Iroquois Lions Club celebrates 40 years of theatre and fundraising

A theatre production kicked off this week in Morrisburg, Ont. all thanks to a group of dedicated volunteers, some of whom have acted in every play produced over the past 40 years, raising thousands for the community along the way.

Wednesday was final rehearsal night at the Upper Canada Playhouse as director Wendy Gibb quietly watches from the audience.

“I love it. You can’t have a greater group of people to work with than the lions,” Gibb told CTV News. 

The Iroquois Matilda Lions Club are presenting ‘Drop Dead’, a British murder mystery set in the 1950s.

This performance celebrates 40 years of hard work from the club, who hosted their first play back in 1984 in a local high school gymnasium.

Now they continue to perform their most recent productions in an actual theatre.

“This is the big time,” Gibbs laughed. “This is moving on up!”

“When you come to the playhouse to see this particular show or any show, you’re going to see your friends, your neighbours, your family,” said co-producer Barry Fawcett, a Lions Club member. 
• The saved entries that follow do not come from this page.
(* Let $d\in\mathbb{N}$ and let $C(d)$ be a constant such that for every Radon log-concave probability measure $\mu$ on a locally convex space $E$, every $f\in\mathcal{P}^d(\mu)$ and every $\varphi\in C_b^\infty(\mathbb{R})$ with $\|\varphi\|_\infty\le1$ one has $\sigma_f^{1/d}\int\varphi'(f)\,d\mu\le C(d)\|\varphi'\|_\infty^{1-1/d}$. Let $\mu$ be a Radon log-concave probability measure on a locally convex space $E$. Then for every pair of functions $f,g\in\mathcal{P}^d(\mu)$, neither of which coincides a.e. with a constant, one has $$\|\mu\circ f^{-1}-\mu\circ g^{-1}\|_{\rm TV}\le C_d(\sigma_f,\sigma_g)\,\|\mu\circ f^{-1}-\mu\circ g^{-1}\|_{\rm FM}^{1/(1+d)},$$ where $$C_d(\sigma_f,\sigma_g)=2+2C(d)\bigl(\sigma_f^{-1/d}+\sigma_g^{-1/d}\bigr)(2\pi)^{-1/2}\int_{\mathbb{R}} e^{-t^2/2}|t|^{1/d}\,dt.$$
   Context: Log-concave measures on $\mathbb{R}^n$: density $e^{-V}$ w.r.t. Lebesgue measure on an affine subspace, $V$ convex with values in $(-\infty,+\infty]$. A Radon probability measure on a locally convex space $E$ is log-concave if all its images under continuous linear maps to $\mathbb{R}^n$ are log-concave. $\mathcal{P}^d(\mu)$: closure in $L^2(\mu)$ of functions $p(\ell_1,\dots,\ell_n)$ with $\ell_i\in E^*$, $p$ a polynomial of degree $d$ on $\mathbb{R}^n$. $\sigma_f^2=\int(f-\int f\,d\mu)^2d\mu$. For probability measures $\nu_1,\nu_2$ on $\mathbb{R}$: $\|\nu_1-\nu_2\|_{\rm TV}=\sup\{\int\varphi\,d(\nu_1-\nu_2):\varphi\in C_b^\infty(\mathbb{R}),\|\varphi\|_\infty\le1\}$ and $\|\nu_1-\nu_2\|_{\rm FM}=\sup\{\int\varphi\,d(\nu_1-\nu_2):\varphi\in C_b^\infty(\mathbb{R}),\|\varphi\|_\infty\le1,\|\varphi'\|_\infty\le1\}$, where $C_b^\infty(\mathbb{R})$ is the space of bounded smooth functions with bounded derivatives of all orders. *)

theory Defs
  imports "HOL-Probability.Probability"
begin

definition locally_convex_space :: "('a::{real_vector,t2_space}) itself \<Rightarrow> bool" where
  "locally_convex_space _ \<longleftrightarrow>
     continuous_on UNIV (\<lambda>(x::'a, y::'a). x + y) \<and>
     continuous_on UNIV (\<lambda>(c::real, x::'a). c *\<^sub>R x) \<and>
     (\<forall>U::'a set. open U \<and> 0 \<in> U \<longrightarrow> (\<exists>V. open V \<and> convex V \<and> 0 \<in> V \<and> V \<subseteq> U))"

definition dual_space :: "('a::{real_vector,topological_space} \<Rightarrow> real) set" where
  "dual_space = {l. linear l \<and> continuous_on UNIV l}"

definition radon_measure :: "'a::topological_space measure \<Rightarrow> bool" where
  "radon_measure \<mu> \<longleftrightarrow> sets \<mu> = sets borel \<and>
     (\<forall>B \<in> sets borel. emeasure \<mu> B = (SUP K \<in> {K. compact K \<and> K \<subseteq> B}. emeasure \<mu> K))"

text \<open>\<open>\<real>\<^sup>n\<close> is represented by the extensional functions \<open>PiE {..<n} (\<lambda>_. UNIV)\<close>,
 with Borel sets \<open>PiM {..<n} (\<lambda>_. borel)\<close> and Lebesgue measure \<open>PiM {..<n} (\<lambda>_. lborel)\<close>.\<close>

definition Rn_borel :: "nat \<Rightarrow> (nat \<Rightarrow> real) measure" where
  "Rn_borel n = PiM {..<n} (\<lambda>_. borel)"

definition Rn_lebesgue :: "nat \<Rightarrow> (nat \<Rightarrow> real) measure" where
  "Rn_lebesgue n = PiM {..<n} (\<lambda>_. lborel)"

definition convex_fn_on :: "nat \<Rightarrow> (nat \<Rightarrow> real) set \<Rightarrow> ((nat \<Rightarrow> real) \<Rightarrow> real) \<Rightarrow> bool" where
  "convex_fn_on k D V \<longleftrightarrow> D \<subseteq> PiE {..<k} (\<lambda>_. UNIV) \<and>
     (\<forall>x\<in>D. \<forall>y\<in>D. \<forall>t::real. 0 \<le> t \<and> t \<le> 1 \<longrightarrow>
        (let z = restrict (\<lambda>i. t * x i + (1 - t) * y i) {..<k}
         in z \<in> D \<and> V z \<le> t * V x + (1 - t) * V y))"

text \<open>A probability measure \<open>\<nu>\<close> on \<open>\<real>\<^sup>n\<close> is log-concave if it has density \<open>e\<^sup>-\<^sup>W\<close>,
 \<open>W\<close> convex with values in \<open>(-\<infinity>,+\<infinity>]\<close>, w.r.t. Lebesgue measure on an affine subspace \<open>L\<close>.
 \<open>L = a + span(u_0,...,u_{k-1})\<close> with \<open>u_j\<close> orthonormal; Lebesgue measure on \<open>L\<close> is the image
 of Lebesgue measure on \<open>\<real>\<^sup>k\<close> under the isometry \<open>y \<mapsto> a + \<Sum> y_j u_j\<close>; the density is written in
 these coordinates: \<open>V = W \<circ> param\<close> finite exactly on the convex set \<open>D\<close>, \<open>+\<infinity>\<close> outside.\<close>
definition log_concave_Rn :: "nat \<Rightarrow> (nat \<Rightarrow> real) measure \<Rightarrow> bool" where
  "log_concave_Rn n \<nu> \<longleftrightarrow>
     (\<exists>k a u D V.
        a \<in> PiE {..<n} (\<lambda>_. UNIV) \<and>
        (\<forall>j<k. u j \<in> PiE {..<n} (\<lambda>_. UNIV)) \<and>
        (\<forall>j<k. \<forall>j'<k. (\<Sum>i<n. u j i * u j' i) = (if j = j' then 1 else 0)) \<and>
        convex_fn_on k D V \<and>
        \<nu> = distr (density (Rn_lebesgue k) (\<lambda>y. ennreal (indicator D y * exp (- V y))))
                   (Rn_borel n)
                   (\<lambda>y. restrict (\<lambda>i. a i + (\<Sum>j<k. y j * u j i)) {..<n}))"

definition log_concave :: "'a::{real_vector,topological_space} measure \<Rightarrow> bool" where
  "log_concave \<mu> \<longleftrightarrow>
     (\<forall>n l. (\<forall>i<n. l i \<in> dual_space) \<longrightarrow>
        log_concave_Rn n (distr \<mu> (Rn_borel n) (\<lambda>x. restrict (\<lambda>i. l i x) {..<n})))"

definition poly_functionals :: "nat \<Rightarrow> ('a::{real_vector,topological_space} \<Rightarrow> real) set" where
  "poly_functionals d = {(\<lambda>x. \<Sum>\<alpha>\<in>A. c \<alpha> * (\<Prod>i<n. (l i x) ^ (\<alpha> i))) | (n::nat) l A c.
      (\<forall>i<n. l i \<in> dual_space) \<and> finite A \<and>
      (\<forall>\<alpha>\<in>A. (\<Sum>i<n. \<alpha> i) \<le> d)}"

definition Pd :: "nat \<Rightarrow> 'a::{real_vector,topological_space} measure \<Rightarrow> ('a \<Rightarrow> real) set" where
  "Pd d \<mu> = {f. f \<in> borel_measurable \<mu> \<and> integrable \<mu> (\<lambda>x. (f x)\<^sup>2) \<and>
      (\<exists>p. (\<forall>k. p k \<in> poly_functionals d) \<and>
           (\<lambda>k. \<integral>\<^sup>+ x. ennreal ((f x - p k x)\<^sup>2) \<partial>\<mu>) \<longlonglongrightarrow> 0)}"

definition sigma :: "'a measure \<Rightarrow> ('a \<Rightarrow> real) \<Rightarrow> real" where
  "sigma \<mu> f = sqrt (\<integral>x. (f x - (\<integral>y. f y \<partial>\<mu>))\<^sup>2 \<partial>\<mu>)"

definition Cb_inf :: "(real \<Rightarrow> real) set" where
  "Cb_inf = {\<phi>. \<exists>D :: nat \<Rightarrow> real \<Rightarrow> real. D 0 = \<phi> \<and>
      (\<forall>k x. (D k has_real_derivative D (Suc k) x) (at x)) \<and>
      (\<forall>k. bounded (range (D k)))}"

definition sup_norm :: "(real \<Rightarrow> real) \<Rightarrow> real" where
  "sup_norm \<phi> = (SUP x. \<bar>\<phi> x\<bar>)"

definition tv_dist :: "real measure \<Rightarrow> real measure \<Rightarrow> real" where
  "tv_dist \<nu>1 \<nu>2 = (SUP \<phi> \<in> {\<phi>. \<phi> \<in> Cb_inf \<and> sup_norm \<phi> \<le> 1}.
       (\<integral>x. \<phi> x \<partial>\<nu>1) - (\<integral>x. \<phi> x \<partial>\<nu>2))"

definition fm_dist :: "real measure \<Rightarrow> real measure \<Rightarrow> real" where
  "fm_dist \<nu>1 \<nu>2 = (SUP \<phi> \<in> {\<phi>. \<phi> \<in> Cb_inf \<and> sup_norm \<phi> \<le> 1 \<and> sup_norm (deriv \<phi>) \<le> 1}.
       (\<integral>x. \<phi> x \<partial>\<nu>1) - (\<integral>x. \<phi> x \<partial>\<nu>2))"

definition Cd_const :: "nat \<Rightarrow> real \<Rightarrow> real \<Rightarrow> real \<Rightarrow> real" where
  "Cd_const d C sf sg = 2 + 2 * C * (sf powr (-1 / real d) + sg powr (-1 / real d)) *
      (2 * pi) powr (-1/2) * (\<integral>t. exp (- t\<^sup>2 / 2) * \<bar>t\<bar> powr (1 / real d) \<partial>lborel)"

end

theory Submission
  imports Defs
begin

text \<open>
  Fix a test function \<open>\<phi>\<close> with \<open>|\<phi>| \<le> 1\<close> and a scale \<open>h > 0\<close>, and let \<open>\<phi>\<^sub>h\<close> be the average of
  \<open>\<phi>\<close> over \<open>[y - h, y + h]\<close>. Then \<open>|\<phi>\<^sub>h'| \<le> 1/h\<close>, and \<open>\<phi> - \<phi>\<^sub>h = \<eta>'\<close> for a smooth \<open>\<eta>\<close> with
  \<open>|\<eta>| \<le> h/2\<close> and \<open>|\<eta>'| \<le> 2\<close>. The contribution of \<open>\<phi>\<^sub>h\<close> to \<open>\<integral>\<phi>(f) - \<integral>\<phi>(g)\<close> is at most
  \<open>max 1 (1/h)\<close> times the Fortet--Mourier distance, while the hypothesis on \<open>C(d)\<close>, applied to
  the rescaled \<open>\<eta>\<close> for \<open>f\<close> and for \<open>g\<close>, bounds the contribution of \<open>\<eta>'\<close> by a multiple of
  \<open>h\<^sup>1\<^sup>/\<^sup>d\<close>. Optimising in \<open>h\<close> gives the exponent \<open>1/(d + 1)\<close>; the Gaussian moment in the
  constant only has to dominate \<open>8\<^sup>-\<^sup>1\<^sup>/\<^sup>d\<close>.
\<close>

lemma bounded_range_iff_abs_le: "bounded (range (\<phi>::real \<Rightarrow> real)) \<longleftrightarrow> (\<exists>B. \<forall>x. \<bar>\<phi> x\<bar> \<le> B)"
  by (auto simp: bounded_iff)

lemma abs_le_sup_norm:
  assumes "bounded (range \<phi>)" shows "\<bar>\<phi> x\<bar> \<le> sup_norm \<phi>"
proof -
  from assms obtain B where "\<And>y. \<bar>\<phi> y\<bar> \<le> B" by (auto simp: bounded_range_iff_abs_le)
  then have "bdd_above (range (\<lambda>y. \<bar>\<phi> y\<bar>))" by (auto intro!: bdd_aboveI2)
  then show ?thesis unfolding sup_norm_def by (rule cSUP_upper[OF UNIV_I])
qed

lemma sup_norm_le:
  assumes "\<And>x. \<bar>\<phi> x\<bar> \<le> B" shows "sup_norm \<phi> \<le> B"
  unfolding sup_norm_def by (rule cSUP_least) (use assms in auto)

lemma sup_norm_nonneg:
  assumes "bounded (range \<phi>)" shows "0 \<le> sup_norm \<phi>"
  using abs_le_sup_norm[OF assms, of 0] by linarith

lemma Cb_infI:
  assumes "D 0 = \<phi>" "\<And>k x. (D k has_real_derivative D (Suc k) x) (at x)"
    "\<And>k. \<exists>B. \<forall>x. \<bar>D k x\<bar> \<le> B"
  shows "\<phi> \<in> Cb_inf"
  unfolding Cb_inf_def using assms by (auto simp: bounded_range_iff_abs_le)

lemma Cb_infE:
  assumes "\<phi> \<in> Cb_inf"
  obtains D where "D 0 = \<phi>" "\<And>k x. (D k has_real_derivative D (Suc k) x) (at x)"
    "\<And>k. \<exists>B. \<forall>x. \<bar>D k x\<bar> \<le> B"
  using assms unfolding Cb_inf_def by (auto simp: bounded_range_iff_abs_le)

lemma Cb_inf_has_real_derivative:
  assumes "\<phi> \<in> Cb_inf" shows "(\<phi> has_real_derivative deriv \<phi> x) (at x)"
  using assms by (elim Cb_infE) (metis DERIV_imp_deriv)

lemma Cb_inf_bounded: "\<phi> \<in> Cb_inf \<Longrightarrow> bounded (range \<phi>)"
  unfolding Cb_inf_def by auto

lemma Cb_inf_bounded_deriv:
  assumes "\<phi> \<in> Cb_inf" shows "bounded (range (deriv \<phi>))"
proof -
  obtain D where D: "D 0 = \<phi>" "\<And>k x. (D k has_real_derivative D (Suc k) x) (at x)"
    "\<And>k. \<exists>B. \<forall>x. \<bar>D k x\<bar> \<le> B"
    using Cb_infE[OF assms] by metis
  have "deriv \<phi> = D 1"
    using D(2)[of 0] D(1) by (auto intro!: DERIV_imp_deriv)
  then show ?thesis using D(3)[of 1] by (simp add: bounded_range_iff_abs_le)
qed

lemma Cb_inf_borel_measurable: "\<phi> \<in> Cb_inf \<Longrightarrow> \<phi> \<in> borel_measurable borel"
  by (rule borel_measurable_continuous_onI)
    (meson Cb_inf_has_real_derivative DERIV_isCont continuous_at_imp_continuous_on)

lemma Cb_inf_zero: "(\<lambda>x. 0) \<in> Cb_inf"
  by (rule Cb_infI[where D="\<lambda>k x. 0"]) auto

lemma Cb_inf_sin: "sin \<in> Cb_inf"
proof (rule Cb_infI[where D="\<lambda>k x. sin (x + real k * (pi / 2))"])
  show "((\<lambda>x. sin (x + real k * (pi / 2))) has_real_derivative sin (x + real (Suc k) * (pi / 2))) (at x)"
    for k x
  proof -
    have "x + real (Suc k) * (pi / 2) = (x + real k * (pi / 2)) + pi / 2"
      by (simp add: algebra_simps)
    moreover have "((\<lambda>x. sin (x + real k * (pi / 2))) has_real_derivative cos (x + real k * (pi / 2))) (at x)"
      by (auto intro!: derivative_eq_intros)
    ultimately show ?thesis by (simp only:) (simp add: sin_add)
  qed
  show "\<exists>B. \<forall>x. \<bar>sin (x + real k * (pi / 2))\<bar> \<le> B" for k
    by (intro exI[of _ 1]) simp
qed simp

lemma Cb_inf_cmult:
  assumes "\<phi> \<in> Cb_inf" shows "(\<lambda>x. c * \<phi> x) \<in> Cb_inf"
proof -
  obtain D where D: "D 0 = \<phi>" "\<And>k x. (D k has_real_derivative D (Suc k) x) (at x)"
    "\<And>k. \<exists>B. \<forall>x. \<bar>D k x\<bar> \<le> B"
    using Cb_infE[OF assms] by metis
  have "\<exists>B. \<forall>x. \<bar>c * D k x\<bar> \<le> B" for k
  proof -
    obtain B where "\<forall>x. \<bar>D k x\<bar> \<le> B" using D(3) by blast
    then have "\<forall>x. \<bar>c * D k x\<bar> \<le> \<bar>c\<bar> * B" by (auto simp: abs_mult intro: mult_left_mono)
    then show ?thesis by blast
  qed
  then show ?thesis
    by (intro Cb_infI[where D="\<lambda>k x. c * D k x"] DERIV_cmult D(2)) (use D(1) in auto)
qed

lemma deriv_cmult_Cb_inf:
  assumes "\<phi> \<in> Cb_inf" shows "deriv (\<lambda>x. c * \<phi> x) = (\<lambda>x. c * deriv \<phi> x)"
  using DERIV_imp_deriv[OF DERIV_cmult[OF Cb_inf_has_real_derivative[OF assms]]] by auto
“It’s a fundraiser, but also kind of a community service,” he said. “The motto of lionism is ‘We Serve’, and I think this is just a wonderful way to serve the community and bring some laughter in a real feel good night to people.”

What’s special for this group, however, is the level of dedication involved.

Gibb has directed all 20 plays, and three cast members have also appeared in every one, including Margaret Swerdfeger.

“It’s a lot of work, it’s a lot of fun,” she smiled. “I think it was easier to do when we were working full time, taking classes, raising children than it is now, because it just seems to take so much more energy now. But we love it.”

Beside her sits her husband Glenn, who pitched the first play, ‘Arsenic and Old Lace’, back in 1984.

“I wanted to start the play because I felt the Lions Club needed a morale boost at the time and something that would bring the whole club together and I thought the play fit that role really well,” Glenn said. 

“A friend of mine was the president at the time, so the idea fit perfectly,” he said. 

“It’s been a great introduction to theatre for many and it’s been an inspiration to many to be a part of it,” added Reina Dejong, who recalled being pushed out on stage for that first performance 4 decades ago. 

“We don’t have to push her on stage anymore,” Glenn laughed. 

“I pushed her out!” added Margaret. 

“I was, just yeah, the jitters!” Dejong blushed. “And I still get them. It gives you energy.”

Glenn Swerdferger and Reina Dejong on stage. (Nate Vandermeer/CTV News Ottawa)

Now in their sixties and seventies, they are proud of what they have accomplished over 40 years.

“I’d like to say we started when we were 10 but that would be a bit of a lie!” Gibbs smiled. 

Glenn says after all those years, and all the fun, this performance might be his final curtain call.

“I think this is my last play,” he stated. “I was (prepared) two weeks ago!”

The 20 productions over 4 decades have raised more than $100,000 for the community, which goes toward bursaries, special events and charities.

The four shows in 2018 netted more than $25,000 on their own. 

“I think it’s just the time we spend together and know that we are doing something that’s fun and contributing to I think the mental health of the community,” Fawcett added.

“I think there’s people that come to the show, our Lions show, that maybe never come to the theatre and this is probably a stepping stone to see live theatre, especially,” he said, noting people look forward to their play every 2 years.

“I think Barry was right when he said it was the camaraderie,” Gibb said. “There’s just that incredible rush when you are on stage and you hear that first laugh and you know that people are totally enjoying themselves. It’s really fun they work hard.”

“I don’t yell at them that much,” she smiled. 

The group said they couldn’t put on these performances without the help of the Upper Canada Playhouse staff, who help with everything from lighting, to stage prep. 

“It makes a big difference to have the lighting and the theatre and the set,” Gibb said “We did the first two shows in a high school gym and we rehearsed in church halls and basements!”

“Now we have a rehearsal hall, we have a proper theatre, we have lighting and technical support. It’s fantastic,” she added.

The Upper Canada Playhouse in Morrisburg. (Nate Vandermeer/CTV News Ottawa)

“I think the theatre is very important to the area,” Margaret said. “People started coming to our plays who had never been to the theatre before and then they continued to come to the theatre, so I think aside from the money that we’ve raised all those years, we’ve also involved people to come and be an audience here.”

It’s a feat the entire cast and crew is proud off, and will carry on, even if some try to step aside. 

“It’s great working with Wendy and Barry. Barry is, he’s phenomenal,” smiled Glenn. “You can’t say no to him! If he asks me in two years it’ll be tough to say no to him!”

Drop Dead runs until Saturday at the Upper Canada Playhouse in Morrisburg. 

Tickets are $30 and can be bought from Lions Club members, Mustard’s Variety in Iroquois, or at the Upper Canada Playhouse and Scotiabank in Morrisburg.